Mr Simon Gladman1, Mr Derek Benson4, Dr Jeff Christiansen2, Dr Gareth Price3, A/Prof. Andrew Lonie1
1Melbourne Bioinformatics, University of Melbourne, Melbourne, Australia, firstname.lastname@example.org
2Queensland Cyber Infrastructure Foundation, Brisbane, Australia, email@example.com
3Queensland Facility for Advanced Bioinformatics, Brisbane, Australia, firstname.lastname@example.org
4Research Computing Centre, University of Queensland, Brisbane, Australia, d.benson.imb.uq.edu.au
5Melbourne Bioinformatics, University of Melbourne, Melbourne, Australia, email@example.com
- Half day Workshop
- includes a hands-on component
- Up to 20 attendees
Galaxy (https://galaxyproject.org) is a widely used, highly capable bioinformatics analysis platform. It provides users with a large library of analysis and visualization tools, reference datasets, interfaces to global databases, and evolving workflow capabilities that provide provenance and reproducibility. Users build complex analysis jobs in a highly accessible interface, which are then deployed via a scheduler to underlying computational resources. Galaxy has a relatively sophisticated approach to managing user jobs to compute resources and can, for instance, be configured to schedule jobs to disparate HPC and/or cloud resources depending on the job characteristics.
In this workshop we will explore the architecture of Galaxy Australia (http://usegalaxy.org.au), understanding how it is architected to deploy jobs from a common front end to compute resources in Queensland and Victoria. Jobs have access to a common multi-hundred-terabyte reference dataset collection that is intelligently mirrored in real time from the US-based Galaxy Main (http://usegalaxy.org) using the CernVM file system (https://cernvm.cern.ch/portal/filesystem). We will explore the technologies, cover our experiences of how they work in practice, and discuss the ambitions of a global Galaxy infrastructure network that can leverage the efforts of a global community to maintain and support critical data and software resources.

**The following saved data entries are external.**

lemma sum_bounded_lists_Suc:
  "sum f (bounded_lists N (Suc m)) = (\<Sum>x<N. \<Sum>t\<in>bounded_lists N m. f (x # t))"
proof -
  have im: "bounded_lists N (Suc m) = (\<lambda>(x, t). x # t) ` ({..<N} \<times> bounded_lists N m)"
    unfolding bounded_lists_def by (auto simp: length_Suc_conv image_iff)
  have inj: "inj_on (\<lambda>(x, t). x # t) ({..<N} \<times> bounded_lists N m)"
    by (intro inj_onI) auto
  show ?thesis
    unfolding im sum.reindex[OF inj] by (simp add: sum.cartesian_product case_prod_beta)
qed

lemma shifted_ranks_Cons:
  assumes "J + 1 < k" and "length ms = k"
  shows "shifted_ranks k (Suc J) t (ms[J := ms ! J + 2 * x]) = shifted_ranks k J (x # t) ms"
  unfolding shifted_ranks_def
proof (rule map_cong[OF refl])
  fix i assume "i \<in> set [0..<k]"
  then show "(if Suc J \<le> i \<and> i < k - 1 then ms[J := ms ! J + 2 * x] ! i + 2 * t ! (i - Suc J)
          else ms[J := ms ! J + 2 * x] ! i) =
        (if J \<le> i \<and> i < k - 1 then ms ! i + 2 * (x # t) ! (i - J) else ms ! i)"
    using assms by (cases "i = J"; cases "Suc J \<le> i") (auto simp: Suc_diff_Suc[symmetric] Suc_diff_le)
qed

lemma ss_upto_multisum:
  assumes "J + m = k - 1" and "length ms = k"
  shows "card (ss_upto k n ms J) =
           (\<Sum>t\<in>bounded_lists (Suc n) m. card (ss_upto k n (shifted_ranks k J t ms) (k - 1)))"
  using assms
proof (induction m arbitrary: J ms)
  case 0
  have "bounded_lists (Suc n) 0 = {[]}" unfolding bounded_lists_def by auto
  moreover have "shifted_ranks k J [] ms = ms"
    using 0 unfolding shifted_ranks_def by (intro nth_equalityI) auto
  ultimately show ?case using 0 by simp
next
  case (Suc m)
  have J: "J + 1 < k" using Suc.prems by simp
  have "card (ss_upto k n ms J) = (\<Sum>x<Suc n. card (ss_upto k n (ms[J := ms ! J + 2 * x]) (Suc J)))"
    by (rule ss_upto_sum[OF J Suc.prems(2)])
  also have "\<dots> = (\<Sum>x<Suc n. \<Sum>t\<in>bounded_lists (Suc n) m.
                    card (ss_upto k n (shifted_ranks k J (x # t) ms) (k - 1)))"
    using Suc.IH[of "Suc J"] Suc.prems shifted_ranks_Cons[OF J Suc.prems(2)] by simp
  also have "\<dots> = (\<Sum>t\<in>bounded_lists (Suc n) (Suc m). card (ss_upto k n (shifted_ranks k J t ms) (k - 1)))"
    by (rule sum_bounded_lists_Suc[symmetric])
  finally show ?case .
qed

OUTLINE OF WORKSHOP CONTENT:
- Overview of Galaxy. Technical overview of the componentry of Galaxy as a software platform and as a workflow generation and deployment system30 minutes
- Galaxy Australia architecture. Overview of the Galaxy Australia archtictural and deployment model.30 minutes
- Underlying technologies. Detailed exploration of the job distribution and data sharing technologies being used for Galaxy Australia.90 minutes
- Galaxy ‘World’ – roadmap discussion. How can multiple instances of Galaxy make use of complex, high maintenance resources including a tool library which is dependency-free and growing global reference datasets, whilst appearing as a seamless experience to non-expert users?30 minutes
WHO SHOULD ATTEND
Research infrastructure staff interested in complex, distributed software systems and cutting edge technologies for job and data distribution.
WHAT TO BRING
A laptop, no special software required. We hope to demonstrate some of the technologies being used in Galaxy.

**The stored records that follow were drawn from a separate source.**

definition L2 :: "'x measure \<Rightarrow> ('x \<Rightarrow> 'g::{real_inner,banach,second_countable_topology}) set" where
  "L2 M = {f. f \<in> borel_measurable M \<and> integrable M (\<lambda>x. (norm (f x))\<^sup>2)}"

text \<open>Norm in the quotient space L2 modulo a.e.-constant functions:
  the L2 norm of the centred function f - E f.\<close>
definition cnorm :: "'x measure \<Rightarrow> ('x \<Rightarrow> 'g::{real_inner,banach,second_countable_topology}) \<Rightarrow> real" where
  "cnorm M f = sqrt (\<integral>x. (norm (f x - (\<integral>z. f z \<partial>M)))\<^sup>2 \<partial>M)"

text \<open>The (algebraic) tensor product G \<otimes> H viewed as G-valued functions on the input space:
  finite sums of elementary tensors (g \<otimes> h)(x) = h(x) g, where h(x) = <h, phi x>.\<close>
definition tensor_span :: "('x \<Rightarrow> 'h::real_inner) \<Rightarrow> ('x \<Rightarrow> 'g::real_vector) set" where
  "tensor_span \<phi> = {f. \<exists>n (g::nat \<Rightarrow> 'g) (h::nat \<Rightarrow> 'h). f = (\<lambda>x. \<Sum>i<n. (h i \<bullet> \<phi> x) *\<^sub>R g i)}"

definition in_closure_mod_const :: "'x measure \<Rightarrow> ('x \<Rightarrow> 'g::{real_inner,banach,second_countable_topology}) set \<Rightarrow> ('x \<Rightarrow> 'g) \<Rightarrow> bool" where
  "in_closure_mod_const M S f \<longleftrightarrow> (\<forall>e>0. \<exists>u\<in>S. cnorm M (\<lambda>x. f x - u x) < e)"

definition dense_mod_const :: "'x measure \<Rightarrow> ('x \<Rightarrow> 'g::{real_inner,banach,second_countable_topology}) set \<Rightarrow> bool" where
  "dense_mod_const M S \<longleftrightarrow> (\<forall>f\<in>L2 M. in_closure_mod_const M S f)"

definition characteristic :: "'x measure \<Rightarrow> ('x \<Rightarrow> 'h::{real_inner,banach,second_countable_topology}) \<Rightarrow> bool" where
  "characteristic MX \<phi> \<longleftrightarrow>
     (\<forall>Q1 Q2. prob_space Q1 \<and> prob_space Q2 \<and> sets Q1 = sets MX \<and> sets Q2 = sets MX
        \<and> integrable Q1 \<phi> \<and> integrable Q2 \<phi>
        \<and> (\<integral>x. \<phi> x \<partial>Q1) = (\<integral>x. \<phi> x \<partial>Q2) \<longrightarrow> Q1 = Q2)"

end

(*
  The space L2(P_X; G) is complete, so the residuals of a minimising sequence for the
  distance from f to (G (x) H) + constants converge, and their limit w is orthogonal to all
  elementary tensors g (x) h and to all constants. For fixed g the real function <w, g> then has
  mean zero and is orthogonal to every x |-> <h, phi x>. Normalising its positive and negative
  parts to probability densities gives two measures with the same kernel mean embedding, so they
  coincide because k is characteristic; hence <w, g> = 0 a.e., and letting g run through a
  countable dense set gives w = 0. Approximation by u + c in L2 controls the norm modulo
  constants because centring minimises the distance to the constants, and [m] is the special case
  f = m. Measurability of phi itself comes from the kernel sections by Pettis' theorem.
*)
theory Submission
  imports Defs
begin

section \<open>Weakly measurable maps into separable Hilbert spaces\<close>

lemma countable_dense_subsetE:
  obtains D :: "'a::{metric_space,second_countable_topology} set"
  where "countable D" "closure D = UNIV"
proof -
  obtain D :: "'a set" where "countable D" and D: "\<And>X. open X \<Longrightarrow> X \<noteq> {} \<Longrightarrow> \<exists>d\<in>D. d \<in> X"
    by (erule countable_dense_setE)
  have "x \<in> closure D" for x
    unfolding closure_approachable using D[of "ball x _"] by (force simp: dist_commute)
  with \<open>countable D\<close> that show thesis by blast
qed

lemma norm_le_iff_inner_le_on_dense:
  fixes w :: "'a::real_inner"
  assumes D: "closure D = UNIV" and "0 \<le> c"
  shows "norm w \<le> c \<longleftrightarrow> (\<forall>e\<in>D. \<bar>e \<bullet> w\<bar> \<le> c * norm e)"
proof
  assume "norm w \<le> c"
  then show "\<forall>e\<in>D. \<bar>e \<bullet> w\<bar> \<le> c * norm e"
    by (metis Cauchy_Schwarz_ineq2 mult.commute mult_left_mono norm_ge_zero order_trans)
next
  assume "\<forall>e\<in>D. \<bar>e \<bullet> w\<bar> \<le> c * norm e"
  then have "closure D \<subseteq> {e. \<bar>e \<bullet> w\<bar> \<le> c * norm e}"
    by (intro closure_minimal closed_Collect_le continuous_intros) auto
  then have "\<bar>w \<bullet> w\<bar> \<le> c * norm w"
    using D by blast
  then have "norm w * norm w \<le> c * norm w"
    by (simp flip: power2_eq_square add: power2_norm_eq_inner)
  then show "norm w \<le> c"
    using \<open>0 \<le> c\<close> by (cases "norm w = 0") (auto simp: mult_le_cancel_right)
qed

lemma borel_measurable_dist_if_inner_measurable:
  fixes f :: "'a \<Rightarrow> 'b::{real_inner,second_countable_topology}"
  assumes f: "\<And>h. (\<lambda>x. h \<bullet> f x) \<in> borel_measurable M"
  shows "(\<lambda>x. dist (f x) d) \<in> borel_measurable M"
proof (unfold borel_measurable_iff_le, intro allI)
  fix c :: real
  obtain D :: "'b set" where "countable D" and D: "closure D = UNIV"
    by (rule countable_dense_subsetE)
  show "{x \<in> space M. dist (f x) d \<le> c} \<in> sets M"
  proof (cases "0 \<le> c")
    case True
    have "{x \<in> space M. dist (f x) d \<le> c}
        = {x \<in> space M. \<forall>e\<in>D. \<bar>e \<bullet> f x - e \<bullet> d\<bar> \<le> c * norm e}"
      using norm_le_iff_inner_le_on_dense[OF D True]
      by (simp add: dist_norm inner_diff_right)
    also have "\<dots> \<in> sets M"
      using \<open>countable D\<close> f by measurable
    finally show ?thesis .
  next
    case False
    then have "{x \<in> space M. dist (f x) d \<le> c} = {}"
      by (auto intro: order.trans[OF zero_le_dist])
    then show ?thesis by (metis sets.empty_sets)
  qed
qed

lemma borel_measurable_if_inner_measurable:
  fixes f :: "'a \<Rightarrow> 'b::{real_inner,second_countable_topology}"
  assumes f: "\<And>h. (\<lambda>x. h \<bullet> f x) \<in> borel_measurable M"
  shows "f \<in> borel_measurable M"
proof (rule borel_measurableI)
  fix S :: "'b set" assume "open S"
  define \<F> where "\<F> = {ball c r | c r. ball c r \<subseteq> S}"
  obtain \<F>' where "\<F>' \<subseteq> \<F>" "countable \<F>'" "\<Union>\<F>' = \<Union>\<F>"
    by (rule Lindelof[of \<F>]) (auto simp: \<F>_def)
  moreover have "\<Union>\<F> = S"
  proof
    show "S \<subseteq> \<Union>\<F>"
    proof
      fix x assume "x \<in> S"
      then obtain e where "e > 0" "ball x e \<subseteq> S"
        using \<open>open S\<close> open_contains_ball by blast
      then have "ball x e \<in> \<F>" unfolding \<F>_def by blast
      with \<open>e > 0\<close> show "x \<in> \<Union>\<F>" by (meson UnionI centre_in_ball)
    qed
  qed (unfold \<F>_def, blast)
  ultimately have "f -` S \<inter> space M = (\<Union>B\<in>\<F>'. f -` B \<inter> space M)"
    by blast
  also have "\<dots> \<in> sets M"
  proof (intro sets.countable_UN'' \<open>countable \<F>'\<close>)
    fix B assume "B \<in> \<F>'"
    then obtain c r where "B = ball c r" using \<open>\<F>' \<subseteq> \<F>\<close> by (auto simp: \<F>_def)
    then have "f -` B \<inter> space M = {x \<in> space M. dist (f x) c < r}"
      by (auto simp: dist_commute)
    also have "\<dots> \<in> sets M"
      using borel_measurable_dist_if_inner_measurable[OF f] by measurable
    finally show "f -` B \<inter> space M \<in> sets M" .
  qed
  finally show "f -` S \<inter> space M \<in> sets M" .
qed

lemma borel_measurable_inner_if_span_dense:
  fixes \<phi> :: "'x \<Rightarrow> 'h::real_inner"
  assumes span: "closure (span (range \<phi>)) = UNIV"
    and kernel: "\<And>x'. (\<lambda>x. \<phi> x \<bullet> \<phi> x') \<in> borel_measurable M"
  shows "(\<lambda>x. h \<bullet> \<phi> x) \<in> borel_measurable M"
proof -
  have span_meas: "(\<lambda>x. s \<bullet> \<phi> x) \<in> borel_measurable M" if "s \<in> span (range \<phi>)" for s
    using that
  proof (induction rule: span_induct_alt)
    case (step c y s)
    then obtain x' where "y = \<phi> x'" by auto
    then have "(\<lambda>x. (c *\<^sub>R y + s) \<bullet> \<phi> x) = (\<lambda>x. c * (\<phi> x \<bullet> \<phi> x') + s \<bullet> \<phi> x)"
      unfolding inner_add_left inner_scaleR_left by (simp add: inner_commute)
    then show ?case using step kernel[of x'] by simp
  qed simp
  obtain s where s: "\<And>n. s n \<in> span (range \<phi>)" "s \<longlonglongrightarrow> h"
    using span closure_sequential[of h "span (range \<phi>)"] by auto
  show ?thesis
  proof (rule borel_measurable_LIMSEQ_real[where u="\<lambda>n x. s n \<bullet> \<phi> x"])
    show "(\<lambda>n. s n \<bullet> \<phi> x) \<longlonglongrightarrow> h \<bullet> \<phi> x" for x
      by (intro tendsto_intros s)
  qed (use s span_meas in blast)
qed

section \<open>Square-integrable functions\<close>

definition L2_sqnorm :: "'x measure \<Rightarrow> ('x \<Rightarrow> 'g::real_inner) \<Rightarrow> real" where
  "L2_sqnorm M f = (\<integral>x. (norm (f x))\<^sup>2 \<partial>M)"

definition L2_inner :: "'x measure \<Rightarrow> ('x \<Rightarrow> 'g::real_inner) \<Rightarrow> ('x \<Rightarrow> 'g) \<Rightarrow> real" where
  "L2_inner M f g = (\<integral>x. f x \<bullet> g x \<partial>M)"

lemma L2_borel_measurable: "f \<in> L2 M \<Longrightarrow> f \<in> borel_measurable M"
  by (simp add: L2_def)

lemma L2_integrable_sqnorm: "f \<in> L2 M \<Longrightarrow> integrable M (\<lambda>x. (norm (f x))\<^sup>2)"
  by (simp add: L2_def)

lemma L2_if_norm_le:
  assumes "f \<in> L2 M" "g \<in> borel_measurable M" "\<And>x. norm (g x) \<le> norm (f x)"
  shows "g \<in> L2 M"
  unfolding L2_def
proof (intro CollectI conjI Bochner_Integration.integrable_bound[OF L2_integrable_sqnorm[OF assms(1)]])
  have "(norm (g x))\<^sup>2 \<le> (norm (f x))\<^sup>2" for x
    by (rule power_mono[OF assms(3) norm_ge_zero])
  then show "AE x in M. norm ((norm (g x))\<^sup>2) \<le> norm ((norm (f x))\<^sup>2)"
    by simp
qed (use assms(2) in measurable)

lemma power2_norm_add_inner:
  "(norm (a + b))\<^sup>2 = (norm a)\<^sup>2 + 2 * (a \<bullet> b) + (norm (b::'a::real_inner))\<^sup>2"
  by (simp add: power2_norm_eq_inner inner_add_left inner_add_right inner_commute)

lemma power2_norm_diff_inner:
  "(norm (a - b))\<^sup>2 = (norm a)\<^sup>2 - 2 * (a \<bullet> b) + (norm (b::'a::real_inner))\<^sup>2"
  by (simp add: power2_norm_eq_inner inner_diff_left inner_diff_right inner_commute)

lemma abs_inner_le_sum_sqnorm: "\<bar>a \<bullet> b\<bar> \<le> (norm a)\<^sup>2 + (norm (b::'a::real_inner))\<^sup>2"
proof -
  have "\<bar>a \<bullet> b\<bar> \<le> norm a * norm b" by (rule Cauchy_Schwarz_ineq2)
  also have "\<dots> \<le> (norm a)\<^sup>2 + (norm b)\<^sup>2"
    using sum_squares_bound[of "norm a" "norm b"] mult_nonneg_nonneg[OF norm_ge_zero norm_ge_zero, of a b]
    by linarith
  finally show ?thesis .
qed

lemma integrable_inner_L2:
  assumes "f \<in> L2 M" "g \<in> L2 M"
  shows "integrable M (\<lambda>x. f x \<bullet> g x)"
proof (rule Bochner_Integration.integrable_bound)
  show "integrable M (\<lambda>x. (norm (f x))\<^sup>2 + (norm (g x))\<^sup>2)"
    using assms by (intro Bochner_Integration.integrable_add L2_integrable_sqnorm)
  show "(\<lambda>x. f x \<bullet> g x) \<in> borel_measurable M"
    using assms[THEN L2_borel_measurable] by measurable
  show "AE x in M. norm (f x \<bullet> g x) \<le> norm ((norm (f x))\<^sup>2 + (norm (g x))\<^sup>2)"
    using abs_inner_le_sum_sqnorm by auto
qed

lemma integrable_scaleR_L2:
  fixes z :: "'x \<Rightarrow> real"
  assumes "z \<in> L2 M" "f \<in> L2 M"
  shows "integrable M (\<lambda>x. z x *\<^sub>R f x)"
proof (rule Bochner_Integration.integrable_bound)
  show "integrable M (\<lambda>x. (norm (z x))\<^sup>2 + (norm (f x))\<^sup>2)"
    using assms by (intro Bochner_Integration.integrable_add L2_integrable_sqnorm)
  show "(\<lambda>x. z x *\<^sub>R f x) \<in> borel_measurable M"
    using assms[THEN L2_borel_measurable] by measurable
  have "norm (z x *\<^sub>R f x) \<le> norm ((norm (z x))\<^sup>2 + (norm (f x))\<^sup>2)" for x
  proof -
    have "norm (z x *\<^sub>R f x) = \<bar>norm (z x) \<bullet> norm (f x)\<bar>"
      by simp
    also have "\<dots> \<le> (norm (norm (z x)))\<^sup>2 + (norm (norm (f x)))\<^sup>2"
      by (rule abs_inner_le_sum_sqnorm)
    finally show ?thesis by simp
  qed
  then show "AE x in M. norm (z x *\<^sub>R f x) \<le> norm ((norm (z x))\<^sup>2 + (norm (f x))\<^sup>2)"
    by (rule AE_I2)
qed

lemma L2_scaleR: "f \<in> L2 M \<Longrightarrow> (\<lambda>x. c *\<^sub>R f x) \<in> L2 M"
  unfolding L2_def
  by (auto simp: power_mult_distrib intro: integrable_mult_right)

Andrew Lonie is Director of the Melbourne Bioinformatics, Director of the EMBL Australia Bioinformatics Resource (EMBL-ABR: http://embl-abr.org.au), and an associate professor at the Faculty of Medicine, Dentistry and Health Sciences at the University of Melbourne, where he coordinates the MSc (Bioinformatics). Andrew directs a group of bioinformaticians, computational biologists and HPC specialists within the Melbourne Bioinformatics and EMBL-ABR to collaborate with and support life sciences researchers in a variety of research projects across Australia.